Training R2 =  0.9342824984286946
Testing R2 =  0.8923618830441477
Training MSE =  407708874.6916214
Testing MSE =  706525278.9796225


## Ridge

With default parameter (alpha = 1)

In [20]:
# Your code here
ridge = Ridge()
ridge.fit(X_train, y_train)
print('Training R2 =', ridge.score(X_train, y_train))
print('Testing R2 = ', ridge.score(X_test, y_test))
print('Training MSE = ', mean_squared_error(y_train, ridge.predict(X_train)))
print('Testing MSE = ', mean_squared_error(y_test, ridge.predict(X_test)))

Training R2 = 0.9233007663063825
Testing R2 =  0.8728342514049975
Training MSE =  475839122.1705914
Testing MSE =  834702599.2621821


With default parameter (alpha = 10)

In [21]:
# Your code here
ridge = Ridge(alpha = 10)
ridge.fit(X_train, y_train)
print('Training R2 = ', ridge.score(X_train, y_train))
print('Testing R2 = ', ridge.score(X_test, y_test))
print('Training MSE = ', mean_squared_error(y_train, ridge.predict(X_train)))
print('Testing MSE = ', mean_squared_error(y_test, ridge.predict(X_test)))

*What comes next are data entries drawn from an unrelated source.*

lemma l1_dist_grid_E:
  assumes "u \<in> grid_V ns" "v \<in> grid_V ns" "grid_E u v"
  shows "l1_dist (length ns) u y \<le> l1_dist (length ns) v y + 1"
proof -
  let ?d = "length ns"
  obtain i where i: "i < ?d" "path_E (u!i) (v!i)" "\<forall>j<?d. j \<noteq> i \<longrightarrow> u!j = v!j"
    using assms grid_V_length unfolding grid_E_def by metis
  have "l1_dist ?d u y \<le> (\<Sum>j<?d. absdiff (v!j) (y!j) + (if j = i then 1 else 0))"
    unfolding l1_dist_def
    by (rule sum_mono) (use i in \<open>auto simp: absdiff_def path_E_def\<close>)
  also have "\<dots> = l1_dist ?d v y + 1" unfolding l1_dist_def sum.distrib using i by simp
  finally show ?thesis .
qed

lemma l1_dist_grid_step:
  assumes "u \<in> grid_V ns" "y \<in> grid_V ns" "l1_dist (length ns) u y > 0"
  shows "\<exists>v\<in>grid_V ns. grid_E u v \<and> l1_dist (length ns) v y + 1 = l1_dist (length ns) u y"
proof -
  let ?d = "length ns"
  obtain i where i: "i < ?d" "absdiff (u!i) (y!i) > 0"
    using assms(3) unfolding l1_dist_def by (metis (no_types, lifting) lessThan_iff not_gr0 sum.neutral)
  define v where "v = u[i := (if u!i < y!i then Suc (u!i) else u!i - 1)]"
  have lu: "length u = ?d" "length v = ?d" using assms(1) grid_V_length unfolding v_def by auto
  have nth_v: "v!j = (if j = i then (if u!i < y!i then Suc (u!i) else u!i - 1) else u!j)" for j
    using i lu unfolding v_def by simp
  have "v \<in> grid_V ns"
    using i lu grid_V_nth_less[OF assms(1)] grid_V_nth_less[OF assms(2) i(1)]
    unfolding grid_V_def path_V_def by (auto simp: nth_v absdiff_def less_imp_diff_less)
  moreover have "grid_E u v"
    unfolding grid_E_def using lu i nth_v by (auto simp: path_E_def absdiff_def intro!: exI[of _ i])
  moreover have "l1_dist ?d v y + 1 = (\<Sum>j<?d. absdiff (v!j) (y!j) + (if j = i then 1 else 0))"
    unfolding l1_dist_def sum.distrib using i by simp
  moreover have "\<dots> = l1_dist ?d u y"
    unfolding l1_dist_def by (rule sum.cong) (use i in \<open>auto simp: nth_v absdiff_def\<close>)
  ultimately show ?thesis by metis
qed

lemma gdist_grid:
  assumes "x \<in> grid_V ns" "y \<in> grid_V ns"
  shows "gdist (grid_V ns) grid_E x y = l1_dist (length ns) x y"
proof (rule gdist_eqI[OF assms])
  show "u = y" if "u \<in> grid_V ns" "l1_dist (length ns) u y = 0" for u
    using that assms l1_dist_eq_0 grid_V_length by metis
qed (use assms l1_dist_grid_step l1_dist_grid_E in \<open>auto simp: l1_dist_def absdiff_def\<close>)

lemma tdist_grid:
  assumes "x \<in> grid_V ns" "y \<in> grid_V ns" "(\<Sum>i<length ns. ns!i) \<le> k"
  shows "tdist (grid_V ns) grid_E k x y = l1_dist (length ns) x y"
  using gdist_grid[OF assms(1,2)] l1_dist_le_sum[OF assms(1,2)] assms(3)
  unfolding tdist_def by simp

definition axis_point :: "nat \<Rightarrow> nat \<Rightarrow> nat \<Rightarrow> nat list" where
  "axis_point d j t = (replicate d 0)[j := t]"

lemma length_axis_point [simp]: "length (axis_point d j t) = d"
  unfolding axis_point_def by simp

lemma nth_axis_point: "i < d \<Longrightarrow> axis_point d j t ! i = (if i = j then t else 0)"
  unfolding axis_point_def by (simp add: nth_list_update)

lemma axis_point_in_grid_V:
  assumes "\<forall>i<length ns. 0 < ns!i" "j < length ns" "t < ns!j"
  shows "axis_point (length ns) j t \<in> grid_V ns"
  using assms unfolding grid_V_def path_V_def by (auto simp: nth_axis_point)

lemma l1_dist_axis_point:
  assumes "j < d"
  shows "l1_dist d x (axis_point d j t) + x!j = l1_dist d x (replicate d 0) + absdiff (x!j) t"
proof -
  have "l1_dist d x (axis_point d j t) + x!j
      = (\<Sum>i<d. absdiff (x!i) (axis_point d j t ! i) + (if i = j then x!j else 0))"
    unfolding l1_dist_def sum.distrib using assms by simp
  also have "\<dots> = (\<Sum>i<d. absdiff (x!i) 0 + (if i = j then absdiff (x!j) t else 0))"
    by (rule sum.cong) (use assms in \<open>auto simp: nth_axis_point absdiff_def\<close>)
  also have "\<dots> = l1_dist d x (replicate d 0) + absdiff (x!j) t"
    unfolding l1_dist_def sum.distrib using assms by simp
  finally show ?thesis .
qed

lemma grid_V_eqI_corner_dist:
  assumes x: "x \<in> grid_V ns" and y: "y \<in> grid_V ns"
    and origin: "l1_dist (length ns) x (replicate (length ns) 0) = l1_dist (length ns) y (replicate (length ns) 0)"
    and corners: "\<And>j. j < length ns \<Longrightarrow>
      l1_dist (length ns) x (axis_point (length ns) j (ns!j - 1)) =
      l1_dist (length ns) y (axis_point (length ns) j (ns!j - 1))"
  shows "x = y"
proof (rule nth_equalityI)
  show "length x = length y" using x y grid_V_length by metis
  fix j assume "j < length x"
  then have j: "j < length ns" using x grid_V_length by metis
  show "x!j = y!j"
    using l1_dist_axis_point[OF j, of x "ns!j - 1"] l1_dist_axis_point[OF j, of y "ns!j - 1"]
      origin corners[OF j] grid_V_nth_less[OF x j] grid_V_nth_less[OF y j]
    by (simp add: absdiff_def)
qed

lemma ex_resolving_broadcast_grid:
  assumes ne: "ns \<noteq> []" and pos: "\<forall>i<length ns. 0 < ns!i"
  shows "\<exists>f. resolving_broadcast (grid_V ns) grid_E f \<and>
           (\<Sum>v\<in>grid_V ns. f v) \<le> (length ns + 1) * (\<Sum>i<length ns. ns!i)"
proof -
  let ?d = "length ns" and ?V = "grid_V ns"
  define N where "N = (\<Sum>i<?d. ns!i)"
  define C where "C = insert (replicate ?d 0) ((\<lambda>j. axis_point ?d j (ns!j - 1)) ` {..<?d})"
  define f where "f v = (if v \<in> C then N else 0)" for v
  have "0 < N" using ne pos member_le_sum[of 0 "{..<?d}" "(!) ns"] unfolding N_def by fastforce
  have "replicate ?d 0 \<in> ?V" using pos unfolding grid_V_def path_V_def by simp
  then have CV: "C \<subseteq> ?V"
    using axis_point_in_grid_V[OF pos] pos unfolding C_def by auto
  have rb: "resolving_broadcast ?V grid_E f"
    unfolding resolving_broadcast_def
  proof (intro conjI allI impI ballI)
    show "f v = 0" if "v \<notin> ?V" for v using that CV unfolding f_def by auto
  next
    fix x y assume x: "x \<in> ?V" and y: "y \<in> ?V" and "x \<noteq> y"
    then obtain z where "z \<in> C" "l1_dist ?d x z \<noteq> l1_dist ?d y z"
      using grid_V_eqI_corner_dist unfolding C_def by blast
    then show "\<exists>z\<in>?V. f z > 0 \<and> tdist ?V grid_E (f z) x z \<noteq> tdist ?V grid_E (f z) y z"
      using CV tdist_grid[OF x] tdist_grid[OF y] \<open>0 < N\<close> unfolding f_def N_def
      by (intro bexI[of _ z]) auto
  qed
  have "card C \<le> ?d + 1"
    unfolding C_def using card_image_le[of "{..<?d}" "\<lambda>j. axis_point ?d j (ns!j - 1)"]
    by (simp add: card_insert_if)
  have "(\<Sum>v\<in>?V. f v) = card C * N"
    using CV finite_grid_V unfolding f_def by (simp add: sum.If_cases Int_absorb1)
  also have "\<dots> \<le> (?d + 1) * N" using \<open>card C \<le> ?d + 1\<close> by (rule mult_le_mono1)
  finally show ?thesis using rb unfolding N_def by blast
qed

lemma bdim_grid_le:
  assumes "ns \<noteq> []" "\<forall>i<length ns. 0 < ns!i"
  shows "bdim (grid_V ns) grid_E \<le> (length ns + 1) * (\<Sum>i<length ns. ns!i)"
  using ex_resolving_broadcast_grid[OF assms] bdim_le order_trans by metis

lemma card_absdiff_le: "card {t. absdiff t c \<le> r} \<le> 2 * r + 1"
proof -
  have "{t. absdiff t c \<le> r} \<subseteq> {c - r .. c + r}" unfolding absdiff_def by auto
  then have "card {t. absdiff t c \<le> r} \<le> card {c - r .. c + r}" by (rule card_mono[rotated]) simp
  then show ?thesis by simp
qed

lemma grid_axis_edge_resolved:
  assumes f: "resolving_broadcast (grid_V ns) grid_E f"
    and pos: "\<forall>i<length ns. 0 < ns!i" and j: "j < length ns" and t: "Suc t < ns!j"
  shows "\<exists>z\<in>grid_V ns. 0 < f z \<and> absdiff t (z!j) \<le> f z + 1"
proof -
  let ?a = "axis_point (length ns) j"
  have aV: "?a t \<in> grid_V ns" "?a (Suc t) \<in> grid_V ns"
    using axis_point_in_grid_V[OF pos j] t by auto
  moreover have "?a t \<noteq> ?a (Suc t)" using nth_axis_point[OF j] by (metis n_not_Suc_n)
  ultimately obtain z where z: "z \<in> grid_V ns" "0 < f z"
    "tdist (grid_V ns) grid_E (f z) (?a t) z \<noteq> tdist (grid_V ns) grid_E (f z) (?a (Suc t)) z"
    using f unfolding resolving_broadcast_def by blast
  then have "l1_dist (length ns) (?a t) z \<le> f z \<or> l1_dist (length ns) (?a (Suc t)) z \<le> f z"
    using tdist_neq_imp_gdist_le gdist_grid[OF aV(1) z(1)] gdist_grid[OF aV(2) z(1)] by metis
  then have "absdiff t (z!j) \<le> f z \<or> absdiff (Suc t) (z!j) \<le> f z"
    using absdiff_nth_le_l1_dist[OF j] nth_axis_point[OF j] by (metis le_trans)
  then show ?thesis using z unfolding absdiff_def by auto
qed

lemma grid_axis_le_broadcast_cost:
  assumes f: "resolving_broadcast (grid_V ns) grid_E f"
    and pos: "\<forall>i<length ns. 0 < ns!i" and j: "j < length ns"
  shows "ns!j - 1 \<le> 5 * (\<Sum>v\<in>grid_V ns. f v)"
proof -
  let ?V = "grid_V ns"
  define W where "W z = {t. 0 < f z \<and> absdiff t (z!j) \<le> f z + 1}" for z
  have card_W: "card (W z) \<le> 5 * f z" for z
  proof (cases "f z = 0")
    case False
    then have "card (W z) \<le> 2 * (f z + 1) + 1"
      using card_absdiff_le[of "z!j" "f z + 1"] unfolding W_def by simp
    with False show ?thesis by simp
  qed (simp add: W_def)
  have "{..<ns!j - 1} \<subseteq> (\<Union>z\<in>?V. W z)"
    using grid_axis_edge_resolved[OF f pos j] unfolding W_def by fastforce
  moreover have "finite (W z)" for z
    by (rule finite_subset[of _ "{..z!j + f z + 1}"]) (auto simp: W_def absdiff_def)
  ultimately have "ns!j - 1 \<le> card (\<Union>z\<in>?V. W z)"
    using card_mono[of "\<Union>z\<in>?V. W z" "{..<ns!j - 1}"] finite_grid_V by simp
  also have "\<dots> \<le> (\<Sum>z\<in>?V. card (W z))" by (rule card_UN_le[OF finite_grid_V])
  also have "\<dots> \<le> (\<Sum>z\<in>?V. 5 * f z)" by (rule sum_mono) (rule card_W)
  finally show ?thesis by (simp add: sum_distrib_left)
qed

lemma bdim_grid_ge:
  assumes ne: "ns \<noteq> []" and two: "\<forall>i<length ns. 2 \<le> ns!i"
  shows "(\<Sum>i<length ns. ns!i) \<le> 6 * length ns * bdim (grid_V ns) grid_E"
proof -
  have pos: "\<forall>i<length ns. 0 < ns!i" using two by fastforce
  obtain f where f: "resolving_broadcast (grid_V ns) grid_E f"
    "(\<Sum>v\<in>grid_V ns. f v) = bdim (grid_V ns) grid_E"
    using ex_resolving_broadcast_grid[OF ne pos] bdim_attained by metis
  have "(\<Sum>i<length ns. ns!i) \<le> (\<Sum>i<length ns. 6 * bdim (grid_V ns) grid_E)"
    by (rule sum_mono) (use grid_axis_le_broadcast_cost[OF f(1) pos] f(2) two in fastforce)
  then show ?thesis by simp
qed

lemma bdim_cart_path_eq_grid:
  "bdim (cart_V (path_V m) (path_V n)) (cart_E path_E path_E) = bdim (grid_V [m, n]) grid_E"
proof (rule bdim_iso[symmetric])
  have "grid_V [m, n] = (\<lambda>(a, b). [a, b]) ` (path_V m \<times> path_V n)"
    unfolding grid_V_def by (auto simp: length_Suc_conv All_less_Suc2)
  then show "bij_betw (\<lambda>(a, b). [a, b]) (cart_V (path_V m) (path_V n)) (grid_V [m, n])"
    unfolding cart_V_def by (auto simp: bij_betw_def inj_on_def)
  show "\<forall>u\<in>cart_V (path_V m) (path_V n). \<forall>v\<in>cart_V (path_V m) (path_V n).
          cart_E path_E path_E u v \<longleftrightarrow> grid_E (case u of (a, b) \<Rightarrow> [a, b]) (case v of (a, b) \<Rightarrow> [a, b])"
    unfolding grid_E_def cart_E_def by (auto simp: Ex_less_Suc2 All_less_Suc2 path_E_def)
qed

lemma bdim_grid_bounds:
  assumes "length ns = d" "d \<ge> 1" "\<forall>i<d. 2 \<le> ns!i"
  shows "1 / (6 * real d) * real (\<Sum>i<d. ns!i) \<le> real (bdim (grid_V ns) grid_E)"
    and "real (bdim (grid_V ns) grid_E) \<le> (real d + 1) * real (\<Sum>i<d. ns!i)"
proof -
  have "ns \<noteq> []" "\<forall>i<length ns. 0 < ns!i" using assms by auto
  then have "bdim (grid_V ns) grid_E \<le> (d + 1) * (\<Sum>i<d. ns!i)"
    using bdim_grid_le assms(1) by metis
  then show "real (bdim (grid_V ns) grid_E) \<le> (real d + 1) * real (\<Sum>i<d. ns!i)"
    by (metis of_nat_1 of_nat_add of_nat_le_iff of_nat_mult)
  have "real (\<Sum>i<d. ns!i) \<le> 6 * real d * real (bdim (grid_V ns) grid_E)"
    using bdim_grid_ge[OF \<open>ns \<noteq> []\<close>] assms by (metis of_nat_le_iff of_nat_mult of_nat_numeral)
  then show "1 / (6 * real d) * real (\<Sum>i<d. ns!i) \<le> real (bdim (grid_V ns) grid_E)"
    using assms(2) by (simp add: field_simps)
qed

Training R2 =  0.8998090139851723
Testing R2 =  0.87599624557936
Training MSE =  621581058.0995269
Testing MSE =  813947602.0608683


## Look at the metrics, what are your main conclusions?

Conclusions here

First Naive Linear Regression
Training R2 =  0.83
Testing R2 =  0.76
Training MSE =  1,064,028,890
Testing MSE =  1,671,890,629

Normalized Linear Regression
Training R2 =  0.81
Testing R2 =  0.81
Training MSE =  1,259,808,184
Testing MSE =  1,057,443,804

Normalized + Continuous Dummies Linear Regression
Training R2 =  0.94
Testing R2 =  -2.30e+19
Training MSE =  383,232,328
Testing MSE =  1.51e+29

Of the three linear regressions, the Normalized Linear Regression has the highest Testing R2 and lowest Testing MSE. The addition of Continuous Dummies to this increases the Training R2 but is catastrophic to Testing R2 and MSE.

Lasso (alpha=1) Regression
Training R2 =  0.94
Testing R2 = 0.89
Training MSE =  396,594,383
Testing MSE =  741,099,013

Lasso (alpha=10) Regression
Training R2 =  0.93
Testing R2 =  0.89
Training MSE =  407,708,874
Testing MSE =  706,525,278

The two Lasso regressions are nearly identical, with the alpha = 10 version having slightly lower Testing MSE.

Ridge (alpha=1) Regression
Training R2 = 0.92
Testing R2 =  0.87
Training MSE =  475,839,122
Testing MSE =  834,702,599

Ridge (alpha=10) Regression
Training R2 =  0.90
Testing R2 =  0.88
Training MSE =  621,581,058
Testing MSE =  813,947,602

The two Lasso regressions are nearly identical, with the alpha = 10 version having slightly lower Testing MSE. 

Overall, Lasso (alpha=10) Regression has the lowest Testing MSE. The highest Testing R2 results from either Lasso version.

## Compare number of parameter estimates that are (very close to) 0 for Ridge and Lasso

In [22]:
# number of Ridge params almost zero
print(sum(abs(ridge.coef_) < 10**(-10)))

11


In [23]:
# number of Lasso params almost zero
print(sum(abs(lasso.coef_) < 10**(-10)))

72


Compare with the total length of the parameter space and draw conclusions!

In [24]:
# your code here
len(lasso.coef_)

289

In [27]:
sum(abs(ridge.coef_) < 10**(-10))/ len(lasso.coef_)

0.03806228373702422

In [26]:
sum(abs(lasso.coef_) < 10**(-10)) / len(lasso.coef_)

0.2491349480968858

In [None]:
# The number of parameter estimates that are very close to 0 are: for Ridge, 11 (3.8%); for Lasso, 72 (24.9%). 
# The total length of the parameter space is 289. 
# Lasso does a better job of reducing the number of predictors.

## Summary

Great! You now know how to perform Lasso and Ridge regression.